(What you have to do):
Everything from the line containing "1) * lam_poly" through the line containing "n \<chi> \<noteq>" should be repeated exactly, and nothing else from the data.
::::::::::
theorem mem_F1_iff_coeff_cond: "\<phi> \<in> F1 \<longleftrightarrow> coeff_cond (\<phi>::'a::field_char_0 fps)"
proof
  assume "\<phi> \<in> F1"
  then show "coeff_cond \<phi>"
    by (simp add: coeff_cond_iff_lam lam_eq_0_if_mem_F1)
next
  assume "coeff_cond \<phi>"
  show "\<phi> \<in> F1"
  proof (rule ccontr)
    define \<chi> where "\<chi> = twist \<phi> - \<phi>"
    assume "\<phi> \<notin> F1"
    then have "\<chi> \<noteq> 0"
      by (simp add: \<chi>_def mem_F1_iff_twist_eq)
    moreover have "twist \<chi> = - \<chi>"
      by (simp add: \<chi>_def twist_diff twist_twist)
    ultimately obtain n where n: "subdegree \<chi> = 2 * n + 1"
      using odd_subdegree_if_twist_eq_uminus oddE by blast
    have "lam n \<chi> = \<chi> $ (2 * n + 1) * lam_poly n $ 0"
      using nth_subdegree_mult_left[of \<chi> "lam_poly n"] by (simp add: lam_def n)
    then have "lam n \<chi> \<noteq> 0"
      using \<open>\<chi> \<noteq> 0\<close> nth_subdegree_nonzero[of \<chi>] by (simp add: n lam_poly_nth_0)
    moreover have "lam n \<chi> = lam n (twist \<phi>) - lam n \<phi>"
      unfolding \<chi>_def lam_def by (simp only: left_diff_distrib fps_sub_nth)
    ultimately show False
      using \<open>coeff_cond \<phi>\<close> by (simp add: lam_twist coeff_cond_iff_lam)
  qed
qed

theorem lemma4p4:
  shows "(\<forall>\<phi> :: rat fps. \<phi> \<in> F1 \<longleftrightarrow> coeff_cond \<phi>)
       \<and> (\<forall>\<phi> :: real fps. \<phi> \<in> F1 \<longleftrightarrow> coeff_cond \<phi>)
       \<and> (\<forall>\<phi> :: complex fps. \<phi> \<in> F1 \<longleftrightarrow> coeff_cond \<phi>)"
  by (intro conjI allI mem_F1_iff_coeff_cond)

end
::::::::::
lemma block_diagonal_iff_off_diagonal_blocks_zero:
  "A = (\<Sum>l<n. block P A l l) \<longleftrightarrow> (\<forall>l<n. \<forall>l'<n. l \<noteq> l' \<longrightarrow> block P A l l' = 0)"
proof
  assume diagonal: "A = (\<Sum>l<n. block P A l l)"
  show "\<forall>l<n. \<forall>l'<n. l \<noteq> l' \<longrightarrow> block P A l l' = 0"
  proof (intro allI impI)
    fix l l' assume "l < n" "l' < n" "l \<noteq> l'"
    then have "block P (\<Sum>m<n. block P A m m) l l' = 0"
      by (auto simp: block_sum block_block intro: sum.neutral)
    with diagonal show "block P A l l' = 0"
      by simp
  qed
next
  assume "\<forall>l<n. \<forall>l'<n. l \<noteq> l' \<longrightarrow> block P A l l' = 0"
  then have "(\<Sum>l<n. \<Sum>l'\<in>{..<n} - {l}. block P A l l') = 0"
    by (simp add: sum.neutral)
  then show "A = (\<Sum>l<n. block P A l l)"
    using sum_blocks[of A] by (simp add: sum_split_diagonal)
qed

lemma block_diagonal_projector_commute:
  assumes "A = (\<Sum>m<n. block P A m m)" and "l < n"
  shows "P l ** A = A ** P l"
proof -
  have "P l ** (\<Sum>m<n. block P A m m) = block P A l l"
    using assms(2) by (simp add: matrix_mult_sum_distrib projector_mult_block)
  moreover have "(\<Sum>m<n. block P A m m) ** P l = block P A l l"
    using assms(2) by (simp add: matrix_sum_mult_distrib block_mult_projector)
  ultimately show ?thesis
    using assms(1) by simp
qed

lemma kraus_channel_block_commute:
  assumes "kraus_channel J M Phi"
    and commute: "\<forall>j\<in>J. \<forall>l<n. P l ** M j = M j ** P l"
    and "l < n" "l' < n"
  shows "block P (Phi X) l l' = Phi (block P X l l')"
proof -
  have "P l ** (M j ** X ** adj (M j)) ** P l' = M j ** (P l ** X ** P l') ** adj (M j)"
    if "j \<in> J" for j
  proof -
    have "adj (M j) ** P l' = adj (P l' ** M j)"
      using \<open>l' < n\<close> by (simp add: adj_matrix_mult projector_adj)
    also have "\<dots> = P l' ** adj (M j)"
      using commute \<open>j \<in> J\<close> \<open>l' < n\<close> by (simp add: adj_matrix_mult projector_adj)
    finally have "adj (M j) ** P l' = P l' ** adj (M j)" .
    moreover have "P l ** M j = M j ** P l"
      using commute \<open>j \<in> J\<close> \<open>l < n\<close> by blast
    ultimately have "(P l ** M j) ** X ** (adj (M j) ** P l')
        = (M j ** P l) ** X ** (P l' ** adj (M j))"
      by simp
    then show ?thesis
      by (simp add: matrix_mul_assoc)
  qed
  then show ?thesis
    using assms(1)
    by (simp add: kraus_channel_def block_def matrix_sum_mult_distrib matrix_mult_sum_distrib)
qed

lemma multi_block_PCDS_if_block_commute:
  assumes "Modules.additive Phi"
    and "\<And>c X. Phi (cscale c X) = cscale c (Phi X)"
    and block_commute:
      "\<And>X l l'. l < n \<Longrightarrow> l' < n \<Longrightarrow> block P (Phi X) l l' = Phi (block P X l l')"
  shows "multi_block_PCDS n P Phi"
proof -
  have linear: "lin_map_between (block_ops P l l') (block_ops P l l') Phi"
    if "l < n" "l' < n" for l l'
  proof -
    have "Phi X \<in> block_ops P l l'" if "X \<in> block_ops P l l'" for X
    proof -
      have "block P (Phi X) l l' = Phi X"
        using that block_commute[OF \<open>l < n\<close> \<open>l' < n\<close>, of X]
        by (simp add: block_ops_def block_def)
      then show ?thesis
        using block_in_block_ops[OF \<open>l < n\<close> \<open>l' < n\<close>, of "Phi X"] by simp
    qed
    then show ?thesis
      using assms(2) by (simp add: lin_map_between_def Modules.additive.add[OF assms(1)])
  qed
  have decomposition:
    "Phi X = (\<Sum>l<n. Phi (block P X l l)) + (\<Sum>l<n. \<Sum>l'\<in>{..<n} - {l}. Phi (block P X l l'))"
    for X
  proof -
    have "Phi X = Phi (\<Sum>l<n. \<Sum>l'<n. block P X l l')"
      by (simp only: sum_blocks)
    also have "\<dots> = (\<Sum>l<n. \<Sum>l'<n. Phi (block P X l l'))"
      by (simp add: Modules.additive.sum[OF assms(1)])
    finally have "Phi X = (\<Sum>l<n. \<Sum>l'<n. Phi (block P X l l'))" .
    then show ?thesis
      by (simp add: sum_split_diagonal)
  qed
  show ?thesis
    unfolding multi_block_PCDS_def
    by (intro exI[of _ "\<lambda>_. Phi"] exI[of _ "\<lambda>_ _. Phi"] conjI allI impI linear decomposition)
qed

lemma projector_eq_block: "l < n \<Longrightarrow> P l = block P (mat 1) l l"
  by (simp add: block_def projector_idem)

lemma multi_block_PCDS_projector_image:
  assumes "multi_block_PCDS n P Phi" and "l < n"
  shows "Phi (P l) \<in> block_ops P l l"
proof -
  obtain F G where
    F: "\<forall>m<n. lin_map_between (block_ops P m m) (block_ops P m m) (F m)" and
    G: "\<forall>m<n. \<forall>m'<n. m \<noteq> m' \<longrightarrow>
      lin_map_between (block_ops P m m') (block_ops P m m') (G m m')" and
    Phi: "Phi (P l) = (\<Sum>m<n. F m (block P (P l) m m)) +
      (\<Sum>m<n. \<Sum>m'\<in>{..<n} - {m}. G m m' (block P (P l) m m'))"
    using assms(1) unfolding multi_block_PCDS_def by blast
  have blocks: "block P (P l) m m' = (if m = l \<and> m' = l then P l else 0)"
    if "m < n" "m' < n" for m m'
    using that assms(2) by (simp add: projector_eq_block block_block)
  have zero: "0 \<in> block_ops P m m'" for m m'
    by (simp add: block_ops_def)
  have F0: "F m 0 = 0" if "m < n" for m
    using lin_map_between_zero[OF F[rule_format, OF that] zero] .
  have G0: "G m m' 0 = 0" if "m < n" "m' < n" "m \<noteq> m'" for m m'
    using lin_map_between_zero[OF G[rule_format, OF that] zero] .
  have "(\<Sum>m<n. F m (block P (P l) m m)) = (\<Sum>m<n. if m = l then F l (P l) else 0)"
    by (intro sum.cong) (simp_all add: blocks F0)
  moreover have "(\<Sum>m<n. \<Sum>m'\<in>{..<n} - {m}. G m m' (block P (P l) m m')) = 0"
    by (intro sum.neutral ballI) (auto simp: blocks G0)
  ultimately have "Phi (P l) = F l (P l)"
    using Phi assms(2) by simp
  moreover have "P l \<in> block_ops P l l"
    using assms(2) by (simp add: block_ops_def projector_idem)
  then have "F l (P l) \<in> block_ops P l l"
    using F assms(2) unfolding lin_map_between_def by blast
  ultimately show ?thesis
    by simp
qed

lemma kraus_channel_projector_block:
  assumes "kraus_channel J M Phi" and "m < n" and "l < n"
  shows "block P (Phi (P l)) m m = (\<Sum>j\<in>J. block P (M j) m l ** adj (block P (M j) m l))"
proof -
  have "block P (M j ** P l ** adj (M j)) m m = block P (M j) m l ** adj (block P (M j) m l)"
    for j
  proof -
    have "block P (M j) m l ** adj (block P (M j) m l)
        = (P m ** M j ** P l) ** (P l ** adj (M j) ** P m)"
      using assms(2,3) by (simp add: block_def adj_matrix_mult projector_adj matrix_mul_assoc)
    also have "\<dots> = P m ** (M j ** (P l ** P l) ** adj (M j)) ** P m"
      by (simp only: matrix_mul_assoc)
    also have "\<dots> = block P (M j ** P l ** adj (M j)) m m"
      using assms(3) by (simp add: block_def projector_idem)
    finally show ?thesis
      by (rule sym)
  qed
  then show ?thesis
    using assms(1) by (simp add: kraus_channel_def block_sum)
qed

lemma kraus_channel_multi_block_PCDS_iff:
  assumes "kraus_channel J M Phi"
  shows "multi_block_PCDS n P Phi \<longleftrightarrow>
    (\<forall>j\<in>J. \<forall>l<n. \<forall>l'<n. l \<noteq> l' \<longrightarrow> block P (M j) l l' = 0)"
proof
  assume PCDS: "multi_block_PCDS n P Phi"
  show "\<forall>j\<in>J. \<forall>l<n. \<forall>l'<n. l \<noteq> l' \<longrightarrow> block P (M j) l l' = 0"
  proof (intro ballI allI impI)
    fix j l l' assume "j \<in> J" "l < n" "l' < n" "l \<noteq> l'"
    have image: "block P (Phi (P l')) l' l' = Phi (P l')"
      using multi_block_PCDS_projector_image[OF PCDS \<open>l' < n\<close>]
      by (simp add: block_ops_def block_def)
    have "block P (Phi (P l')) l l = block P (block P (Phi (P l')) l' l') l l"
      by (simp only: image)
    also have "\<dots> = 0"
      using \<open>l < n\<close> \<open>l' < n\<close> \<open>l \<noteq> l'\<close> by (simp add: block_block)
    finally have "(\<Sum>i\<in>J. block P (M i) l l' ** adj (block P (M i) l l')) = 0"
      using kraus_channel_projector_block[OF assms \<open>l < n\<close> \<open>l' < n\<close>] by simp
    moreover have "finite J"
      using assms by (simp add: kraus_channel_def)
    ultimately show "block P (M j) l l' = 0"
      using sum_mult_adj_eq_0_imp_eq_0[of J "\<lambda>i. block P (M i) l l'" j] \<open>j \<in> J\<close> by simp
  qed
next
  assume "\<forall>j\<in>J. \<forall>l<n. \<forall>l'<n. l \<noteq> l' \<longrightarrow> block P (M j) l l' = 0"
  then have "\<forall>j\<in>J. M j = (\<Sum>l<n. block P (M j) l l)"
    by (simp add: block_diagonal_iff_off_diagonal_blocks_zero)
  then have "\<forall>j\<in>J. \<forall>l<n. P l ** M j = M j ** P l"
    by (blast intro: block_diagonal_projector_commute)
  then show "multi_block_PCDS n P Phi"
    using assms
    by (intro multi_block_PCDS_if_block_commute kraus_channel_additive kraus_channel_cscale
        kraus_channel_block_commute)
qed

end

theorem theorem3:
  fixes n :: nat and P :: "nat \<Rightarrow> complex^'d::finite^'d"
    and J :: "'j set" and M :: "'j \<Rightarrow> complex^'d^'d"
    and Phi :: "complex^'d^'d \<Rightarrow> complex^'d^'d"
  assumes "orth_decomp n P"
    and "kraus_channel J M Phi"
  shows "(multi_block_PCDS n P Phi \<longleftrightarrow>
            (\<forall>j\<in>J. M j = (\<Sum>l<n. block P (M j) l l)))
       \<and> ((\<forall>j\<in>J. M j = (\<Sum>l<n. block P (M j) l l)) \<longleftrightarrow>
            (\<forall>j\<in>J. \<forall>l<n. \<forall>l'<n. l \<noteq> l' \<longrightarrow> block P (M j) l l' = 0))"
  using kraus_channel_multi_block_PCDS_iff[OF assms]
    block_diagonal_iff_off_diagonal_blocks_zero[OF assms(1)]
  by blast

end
::::::::::
(Solution to this task):
    have "lam n \<chi> = \<chi> $ (2 * n + 1) * lam_poly n $ 0"
      using nth_subdegree_mult_left[of \<chi> "lam_poly n"] by (simp add: lam_def n)
    then have "lam n \<chi> \<noteq> 0"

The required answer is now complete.